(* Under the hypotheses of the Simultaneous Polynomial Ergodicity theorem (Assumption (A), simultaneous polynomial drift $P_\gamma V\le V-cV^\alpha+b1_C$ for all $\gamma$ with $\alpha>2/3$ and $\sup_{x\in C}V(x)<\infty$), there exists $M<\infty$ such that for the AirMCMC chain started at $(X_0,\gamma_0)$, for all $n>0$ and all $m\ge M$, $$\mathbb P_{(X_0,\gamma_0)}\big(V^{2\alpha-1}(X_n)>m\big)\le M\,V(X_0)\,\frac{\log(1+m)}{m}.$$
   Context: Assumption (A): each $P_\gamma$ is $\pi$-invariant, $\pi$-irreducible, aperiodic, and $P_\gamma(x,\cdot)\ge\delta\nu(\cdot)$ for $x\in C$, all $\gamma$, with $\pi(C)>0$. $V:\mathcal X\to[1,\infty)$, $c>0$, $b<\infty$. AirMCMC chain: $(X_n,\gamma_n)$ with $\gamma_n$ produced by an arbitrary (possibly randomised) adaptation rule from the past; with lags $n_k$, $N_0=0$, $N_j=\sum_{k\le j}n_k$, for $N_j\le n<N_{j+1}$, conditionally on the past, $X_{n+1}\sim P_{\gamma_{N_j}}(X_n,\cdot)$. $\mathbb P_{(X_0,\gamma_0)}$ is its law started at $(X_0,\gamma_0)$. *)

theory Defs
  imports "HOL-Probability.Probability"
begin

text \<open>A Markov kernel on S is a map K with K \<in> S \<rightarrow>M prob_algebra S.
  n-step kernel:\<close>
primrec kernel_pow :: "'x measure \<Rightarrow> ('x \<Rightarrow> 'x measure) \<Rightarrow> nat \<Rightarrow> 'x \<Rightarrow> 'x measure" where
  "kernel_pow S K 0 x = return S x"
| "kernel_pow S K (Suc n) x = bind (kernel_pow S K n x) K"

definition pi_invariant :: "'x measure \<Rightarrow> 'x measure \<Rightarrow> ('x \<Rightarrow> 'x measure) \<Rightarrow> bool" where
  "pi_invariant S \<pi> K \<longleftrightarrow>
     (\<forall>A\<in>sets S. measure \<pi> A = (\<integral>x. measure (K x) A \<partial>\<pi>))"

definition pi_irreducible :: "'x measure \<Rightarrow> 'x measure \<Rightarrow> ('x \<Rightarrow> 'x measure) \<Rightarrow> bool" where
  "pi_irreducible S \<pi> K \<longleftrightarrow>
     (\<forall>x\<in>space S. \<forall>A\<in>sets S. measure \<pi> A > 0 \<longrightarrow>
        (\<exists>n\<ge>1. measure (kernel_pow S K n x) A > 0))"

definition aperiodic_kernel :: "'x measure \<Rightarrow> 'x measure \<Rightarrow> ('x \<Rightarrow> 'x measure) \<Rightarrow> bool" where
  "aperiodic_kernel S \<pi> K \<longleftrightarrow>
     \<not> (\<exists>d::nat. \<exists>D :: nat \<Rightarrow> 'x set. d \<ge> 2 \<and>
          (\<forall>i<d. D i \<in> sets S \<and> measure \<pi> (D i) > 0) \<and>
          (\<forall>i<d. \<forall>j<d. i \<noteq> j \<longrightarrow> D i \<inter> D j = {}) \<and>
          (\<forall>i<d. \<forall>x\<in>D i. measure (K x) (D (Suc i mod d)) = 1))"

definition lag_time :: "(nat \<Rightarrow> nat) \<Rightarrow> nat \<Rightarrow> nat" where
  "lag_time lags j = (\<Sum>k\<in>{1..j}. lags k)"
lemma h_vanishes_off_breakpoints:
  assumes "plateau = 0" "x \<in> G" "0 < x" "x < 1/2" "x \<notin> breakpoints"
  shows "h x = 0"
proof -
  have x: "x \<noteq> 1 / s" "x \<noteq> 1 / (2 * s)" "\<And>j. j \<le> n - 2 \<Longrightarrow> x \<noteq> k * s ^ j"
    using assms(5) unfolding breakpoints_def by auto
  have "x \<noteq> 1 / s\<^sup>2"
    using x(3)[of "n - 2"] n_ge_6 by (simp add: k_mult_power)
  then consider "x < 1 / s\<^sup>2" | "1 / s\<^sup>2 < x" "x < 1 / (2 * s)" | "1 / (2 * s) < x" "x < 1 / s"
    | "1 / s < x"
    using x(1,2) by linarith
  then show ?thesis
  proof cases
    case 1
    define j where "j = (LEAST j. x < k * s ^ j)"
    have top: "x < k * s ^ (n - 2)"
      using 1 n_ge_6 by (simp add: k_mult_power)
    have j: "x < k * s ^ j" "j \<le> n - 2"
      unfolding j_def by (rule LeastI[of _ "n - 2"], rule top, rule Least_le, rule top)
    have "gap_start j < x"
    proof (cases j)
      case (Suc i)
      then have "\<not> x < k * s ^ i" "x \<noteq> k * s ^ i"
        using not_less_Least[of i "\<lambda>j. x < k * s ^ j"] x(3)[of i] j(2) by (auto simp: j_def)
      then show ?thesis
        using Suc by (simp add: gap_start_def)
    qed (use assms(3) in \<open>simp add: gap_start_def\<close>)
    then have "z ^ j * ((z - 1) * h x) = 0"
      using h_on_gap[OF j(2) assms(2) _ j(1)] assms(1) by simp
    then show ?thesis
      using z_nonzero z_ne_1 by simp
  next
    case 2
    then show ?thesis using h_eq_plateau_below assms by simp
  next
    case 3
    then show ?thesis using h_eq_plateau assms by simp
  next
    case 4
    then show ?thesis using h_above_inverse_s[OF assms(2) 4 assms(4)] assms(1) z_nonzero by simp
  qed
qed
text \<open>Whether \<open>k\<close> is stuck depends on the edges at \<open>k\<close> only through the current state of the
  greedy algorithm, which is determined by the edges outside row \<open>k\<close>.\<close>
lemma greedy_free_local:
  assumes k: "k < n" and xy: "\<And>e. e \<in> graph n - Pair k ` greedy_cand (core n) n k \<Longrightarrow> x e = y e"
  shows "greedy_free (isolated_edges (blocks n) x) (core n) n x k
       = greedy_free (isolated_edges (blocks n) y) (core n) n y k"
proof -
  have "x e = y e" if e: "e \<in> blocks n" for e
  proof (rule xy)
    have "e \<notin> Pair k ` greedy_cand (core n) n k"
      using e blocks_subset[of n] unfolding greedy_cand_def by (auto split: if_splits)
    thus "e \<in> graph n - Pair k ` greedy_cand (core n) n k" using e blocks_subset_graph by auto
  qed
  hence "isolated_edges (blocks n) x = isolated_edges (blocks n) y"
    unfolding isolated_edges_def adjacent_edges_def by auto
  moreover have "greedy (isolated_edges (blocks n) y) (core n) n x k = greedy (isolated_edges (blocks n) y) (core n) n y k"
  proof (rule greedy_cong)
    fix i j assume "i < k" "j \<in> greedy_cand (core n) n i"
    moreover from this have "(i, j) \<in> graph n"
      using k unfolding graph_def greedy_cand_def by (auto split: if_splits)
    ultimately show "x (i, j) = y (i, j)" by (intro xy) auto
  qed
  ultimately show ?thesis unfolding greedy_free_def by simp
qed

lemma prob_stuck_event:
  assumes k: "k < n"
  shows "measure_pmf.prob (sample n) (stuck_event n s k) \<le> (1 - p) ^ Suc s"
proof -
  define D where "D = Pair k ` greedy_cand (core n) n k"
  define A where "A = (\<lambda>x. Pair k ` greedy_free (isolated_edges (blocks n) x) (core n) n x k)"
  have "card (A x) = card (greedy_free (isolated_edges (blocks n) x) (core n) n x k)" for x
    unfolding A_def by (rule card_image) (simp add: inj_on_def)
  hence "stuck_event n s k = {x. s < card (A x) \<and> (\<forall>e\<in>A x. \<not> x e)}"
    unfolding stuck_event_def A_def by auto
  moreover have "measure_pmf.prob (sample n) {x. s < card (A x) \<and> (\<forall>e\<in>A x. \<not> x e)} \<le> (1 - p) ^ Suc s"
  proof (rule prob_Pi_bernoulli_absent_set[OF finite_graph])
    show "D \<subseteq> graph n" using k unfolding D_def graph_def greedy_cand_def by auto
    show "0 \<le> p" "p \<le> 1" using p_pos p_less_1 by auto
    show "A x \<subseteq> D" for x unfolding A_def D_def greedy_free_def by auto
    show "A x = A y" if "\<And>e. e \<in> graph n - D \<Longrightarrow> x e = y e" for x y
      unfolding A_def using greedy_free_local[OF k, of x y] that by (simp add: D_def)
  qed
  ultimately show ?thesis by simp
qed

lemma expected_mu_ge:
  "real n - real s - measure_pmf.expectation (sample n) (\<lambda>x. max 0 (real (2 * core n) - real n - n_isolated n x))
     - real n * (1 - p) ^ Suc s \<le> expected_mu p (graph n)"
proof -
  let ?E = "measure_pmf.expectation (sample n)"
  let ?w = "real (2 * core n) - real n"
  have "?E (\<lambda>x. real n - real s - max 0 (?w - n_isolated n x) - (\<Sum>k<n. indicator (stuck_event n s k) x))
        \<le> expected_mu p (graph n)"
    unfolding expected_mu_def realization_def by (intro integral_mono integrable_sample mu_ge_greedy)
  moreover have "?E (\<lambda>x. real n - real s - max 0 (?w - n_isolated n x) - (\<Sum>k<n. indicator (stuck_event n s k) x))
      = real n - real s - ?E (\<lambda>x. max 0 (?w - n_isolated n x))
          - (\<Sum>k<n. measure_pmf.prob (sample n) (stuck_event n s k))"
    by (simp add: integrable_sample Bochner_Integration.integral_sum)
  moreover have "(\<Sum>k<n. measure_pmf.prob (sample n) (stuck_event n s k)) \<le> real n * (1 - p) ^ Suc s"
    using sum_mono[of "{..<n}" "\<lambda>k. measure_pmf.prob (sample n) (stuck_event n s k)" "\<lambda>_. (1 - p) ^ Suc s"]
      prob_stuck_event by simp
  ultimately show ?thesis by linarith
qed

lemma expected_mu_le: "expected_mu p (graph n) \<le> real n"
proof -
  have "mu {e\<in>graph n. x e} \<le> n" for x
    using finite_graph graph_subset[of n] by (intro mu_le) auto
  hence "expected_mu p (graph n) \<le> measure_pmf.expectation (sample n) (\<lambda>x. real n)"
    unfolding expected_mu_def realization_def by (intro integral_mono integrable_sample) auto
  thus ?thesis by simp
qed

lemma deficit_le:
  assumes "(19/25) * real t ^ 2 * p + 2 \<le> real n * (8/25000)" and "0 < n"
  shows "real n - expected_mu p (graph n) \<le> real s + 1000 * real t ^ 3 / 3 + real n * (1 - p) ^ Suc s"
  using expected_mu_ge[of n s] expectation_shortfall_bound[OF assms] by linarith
══════════════════════════════
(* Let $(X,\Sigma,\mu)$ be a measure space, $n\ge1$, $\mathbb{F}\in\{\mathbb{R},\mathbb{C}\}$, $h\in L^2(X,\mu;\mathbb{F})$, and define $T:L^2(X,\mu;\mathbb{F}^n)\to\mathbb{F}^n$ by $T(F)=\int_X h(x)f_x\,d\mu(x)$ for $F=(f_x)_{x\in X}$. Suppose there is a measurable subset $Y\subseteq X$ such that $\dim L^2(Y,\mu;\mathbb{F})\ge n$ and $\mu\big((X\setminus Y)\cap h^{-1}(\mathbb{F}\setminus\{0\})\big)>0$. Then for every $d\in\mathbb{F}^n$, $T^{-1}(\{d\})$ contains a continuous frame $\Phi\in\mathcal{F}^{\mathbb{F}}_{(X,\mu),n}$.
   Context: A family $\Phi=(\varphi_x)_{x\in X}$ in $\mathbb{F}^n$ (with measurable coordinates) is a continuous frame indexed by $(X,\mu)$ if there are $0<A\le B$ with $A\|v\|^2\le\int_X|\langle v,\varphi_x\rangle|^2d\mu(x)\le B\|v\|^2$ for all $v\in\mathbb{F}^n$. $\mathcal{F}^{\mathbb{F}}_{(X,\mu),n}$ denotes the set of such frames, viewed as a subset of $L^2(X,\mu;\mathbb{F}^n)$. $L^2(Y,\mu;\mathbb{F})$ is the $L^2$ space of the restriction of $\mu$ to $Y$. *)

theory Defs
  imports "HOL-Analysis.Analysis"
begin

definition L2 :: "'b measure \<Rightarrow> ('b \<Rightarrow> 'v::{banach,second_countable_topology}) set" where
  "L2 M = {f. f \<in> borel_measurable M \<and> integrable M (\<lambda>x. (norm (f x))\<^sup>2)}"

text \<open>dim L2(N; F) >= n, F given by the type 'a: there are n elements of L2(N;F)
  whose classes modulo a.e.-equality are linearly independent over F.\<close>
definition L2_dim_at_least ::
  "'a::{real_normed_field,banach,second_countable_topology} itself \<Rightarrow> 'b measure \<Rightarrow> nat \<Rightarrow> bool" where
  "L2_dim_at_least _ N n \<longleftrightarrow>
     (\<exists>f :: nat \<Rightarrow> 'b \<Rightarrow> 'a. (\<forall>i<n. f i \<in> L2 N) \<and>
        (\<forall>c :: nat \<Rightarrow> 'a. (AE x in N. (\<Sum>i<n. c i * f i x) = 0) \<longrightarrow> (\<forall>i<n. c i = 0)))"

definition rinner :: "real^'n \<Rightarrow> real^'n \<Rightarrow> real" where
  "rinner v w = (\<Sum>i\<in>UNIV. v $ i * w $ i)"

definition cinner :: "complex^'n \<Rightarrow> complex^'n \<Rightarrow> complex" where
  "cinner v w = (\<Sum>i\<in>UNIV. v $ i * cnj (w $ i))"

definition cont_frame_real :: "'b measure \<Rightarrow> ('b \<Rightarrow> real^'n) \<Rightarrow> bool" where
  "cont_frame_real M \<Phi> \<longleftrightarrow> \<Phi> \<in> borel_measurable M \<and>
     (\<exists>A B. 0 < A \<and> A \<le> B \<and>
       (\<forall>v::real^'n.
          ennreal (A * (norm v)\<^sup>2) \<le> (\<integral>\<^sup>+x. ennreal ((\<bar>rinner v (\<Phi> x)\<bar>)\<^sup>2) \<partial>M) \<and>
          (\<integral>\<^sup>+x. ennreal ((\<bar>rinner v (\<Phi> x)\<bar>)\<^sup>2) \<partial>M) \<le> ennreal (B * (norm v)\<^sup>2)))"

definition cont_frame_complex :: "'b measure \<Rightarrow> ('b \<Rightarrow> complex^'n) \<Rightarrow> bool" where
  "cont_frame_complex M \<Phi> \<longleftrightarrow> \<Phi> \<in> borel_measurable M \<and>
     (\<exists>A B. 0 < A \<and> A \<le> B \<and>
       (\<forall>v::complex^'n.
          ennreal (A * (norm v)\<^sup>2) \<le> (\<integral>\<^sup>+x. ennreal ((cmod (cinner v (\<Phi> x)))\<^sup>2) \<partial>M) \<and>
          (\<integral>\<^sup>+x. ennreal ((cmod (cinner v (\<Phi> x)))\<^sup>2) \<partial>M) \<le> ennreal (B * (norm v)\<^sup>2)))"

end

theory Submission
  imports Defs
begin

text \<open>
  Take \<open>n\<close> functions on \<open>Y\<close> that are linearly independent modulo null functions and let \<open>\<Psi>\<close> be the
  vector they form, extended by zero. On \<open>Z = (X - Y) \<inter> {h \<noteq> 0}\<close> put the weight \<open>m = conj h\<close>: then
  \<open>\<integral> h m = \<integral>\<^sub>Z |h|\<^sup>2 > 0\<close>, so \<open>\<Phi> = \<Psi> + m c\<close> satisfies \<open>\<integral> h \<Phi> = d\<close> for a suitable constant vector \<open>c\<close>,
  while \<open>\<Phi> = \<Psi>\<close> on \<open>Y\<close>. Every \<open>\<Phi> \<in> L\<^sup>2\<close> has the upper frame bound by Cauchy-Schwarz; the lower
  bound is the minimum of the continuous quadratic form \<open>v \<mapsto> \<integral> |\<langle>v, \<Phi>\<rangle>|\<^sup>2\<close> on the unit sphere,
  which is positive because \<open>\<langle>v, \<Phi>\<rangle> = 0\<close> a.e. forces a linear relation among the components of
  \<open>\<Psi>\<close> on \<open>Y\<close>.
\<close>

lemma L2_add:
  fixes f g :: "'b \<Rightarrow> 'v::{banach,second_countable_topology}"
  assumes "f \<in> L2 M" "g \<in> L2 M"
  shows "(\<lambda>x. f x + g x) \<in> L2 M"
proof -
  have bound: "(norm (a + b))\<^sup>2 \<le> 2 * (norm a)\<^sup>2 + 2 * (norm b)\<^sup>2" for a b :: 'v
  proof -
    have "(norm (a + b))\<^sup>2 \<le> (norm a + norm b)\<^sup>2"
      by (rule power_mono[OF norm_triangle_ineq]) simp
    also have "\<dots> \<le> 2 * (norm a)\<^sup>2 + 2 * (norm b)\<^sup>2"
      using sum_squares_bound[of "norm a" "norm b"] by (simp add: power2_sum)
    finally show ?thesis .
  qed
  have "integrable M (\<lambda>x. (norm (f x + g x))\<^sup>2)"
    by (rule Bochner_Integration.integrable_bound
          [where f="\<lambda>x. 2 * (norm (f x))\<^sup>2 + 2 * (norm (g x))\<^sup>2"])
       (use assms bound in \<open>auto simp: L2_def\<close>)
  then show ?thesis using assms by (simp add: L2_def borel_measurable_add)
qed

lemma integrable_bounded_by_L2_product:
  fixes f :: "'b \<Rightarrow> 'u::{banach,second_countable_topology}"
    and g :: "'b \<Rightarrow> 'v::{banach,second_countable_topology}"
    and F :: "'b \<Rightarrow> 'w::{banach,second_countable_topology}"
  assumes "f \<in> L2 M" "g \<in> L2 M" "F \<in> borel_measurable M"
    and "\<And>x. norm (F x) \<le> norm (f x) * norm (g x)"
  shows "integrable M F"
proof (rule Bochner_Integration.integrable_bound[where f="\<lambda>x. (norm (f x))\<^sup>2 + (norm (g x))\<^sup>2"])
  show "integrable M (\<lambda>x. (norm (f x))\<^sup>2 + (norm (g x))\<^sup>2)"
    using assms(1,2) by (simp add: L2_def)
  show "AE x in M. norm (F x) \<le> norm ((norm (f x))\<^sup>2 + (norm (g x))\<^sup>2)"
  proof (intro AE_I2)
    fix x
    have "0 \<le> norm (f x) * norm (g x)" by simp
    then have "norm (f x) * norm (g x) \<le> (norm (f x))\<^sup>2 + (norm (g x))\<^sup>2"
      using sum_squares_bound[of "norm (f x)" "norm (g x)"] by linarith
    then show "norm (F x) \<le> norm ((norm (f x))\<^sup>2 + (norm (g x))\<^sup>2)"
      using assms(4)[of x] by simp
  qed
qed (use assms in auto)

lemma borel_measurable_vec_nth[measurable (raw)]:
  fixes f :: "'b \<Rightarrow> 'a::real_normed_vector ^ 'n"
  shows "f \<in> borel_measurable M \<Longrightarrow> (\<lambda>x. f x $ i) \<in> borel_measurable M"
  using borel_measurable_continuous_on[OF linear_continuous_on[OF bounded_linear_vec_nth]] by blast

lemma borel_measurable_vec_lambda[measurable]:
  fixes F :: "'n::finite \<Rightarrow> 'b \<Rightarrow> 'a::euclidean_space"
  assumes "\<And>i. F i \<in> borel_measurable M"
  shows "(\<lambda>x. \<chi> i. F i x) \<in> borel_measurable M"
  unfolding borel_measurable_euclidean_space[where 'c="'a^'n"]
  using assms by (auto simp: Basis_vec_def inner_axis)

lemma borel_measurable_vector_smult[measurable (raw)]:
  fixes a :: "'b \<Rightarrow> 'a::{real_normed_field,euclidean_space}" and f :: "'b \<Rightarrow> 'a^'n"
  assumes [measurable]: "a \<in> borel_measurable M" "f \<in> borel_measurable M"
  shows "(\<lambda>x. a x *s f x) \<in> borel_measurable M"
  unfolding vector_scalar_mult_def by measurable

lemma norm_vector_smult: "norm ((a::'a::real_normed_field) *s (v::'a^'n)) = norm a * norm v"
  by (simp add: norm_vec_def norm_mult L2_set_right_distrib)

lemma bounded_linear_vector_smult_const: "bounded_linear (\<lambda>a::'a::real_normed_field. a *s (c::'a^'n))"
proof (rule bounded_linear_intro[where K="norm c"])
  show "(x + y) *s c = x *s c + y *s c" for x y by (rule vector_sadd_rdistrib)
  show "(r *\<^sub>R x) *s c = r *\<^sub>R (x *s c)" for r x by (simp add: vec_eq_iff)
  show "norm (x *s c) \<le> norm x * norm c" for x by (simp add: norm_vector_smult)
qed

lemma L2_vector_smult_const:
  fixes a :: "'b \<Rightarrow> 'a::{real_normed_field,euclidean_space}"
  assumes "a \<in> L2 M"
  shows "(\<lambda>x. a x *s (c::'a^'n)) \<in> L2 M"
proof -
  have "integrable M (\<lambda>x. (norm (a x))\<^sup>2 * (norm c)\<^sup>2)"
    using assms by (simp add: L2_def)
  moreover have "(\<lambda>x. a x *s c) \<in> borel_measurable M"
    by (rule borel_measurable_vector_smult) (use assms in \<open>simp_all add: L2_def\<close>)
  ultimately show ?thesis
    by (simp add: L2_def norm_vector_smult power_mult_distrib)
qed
══════════════════════════════
§ Exercise brief:
Using the material above, report each line where "linearly" occurs.

§ Result of the task:
  whose classes modulo a.e.-equality are linearly independent over F.\<close>
  Take \<open>n\<close> functions on \<open>Y\<close> that are linearly independent modulo null functions and let \<open>\<Psi>\<close> be the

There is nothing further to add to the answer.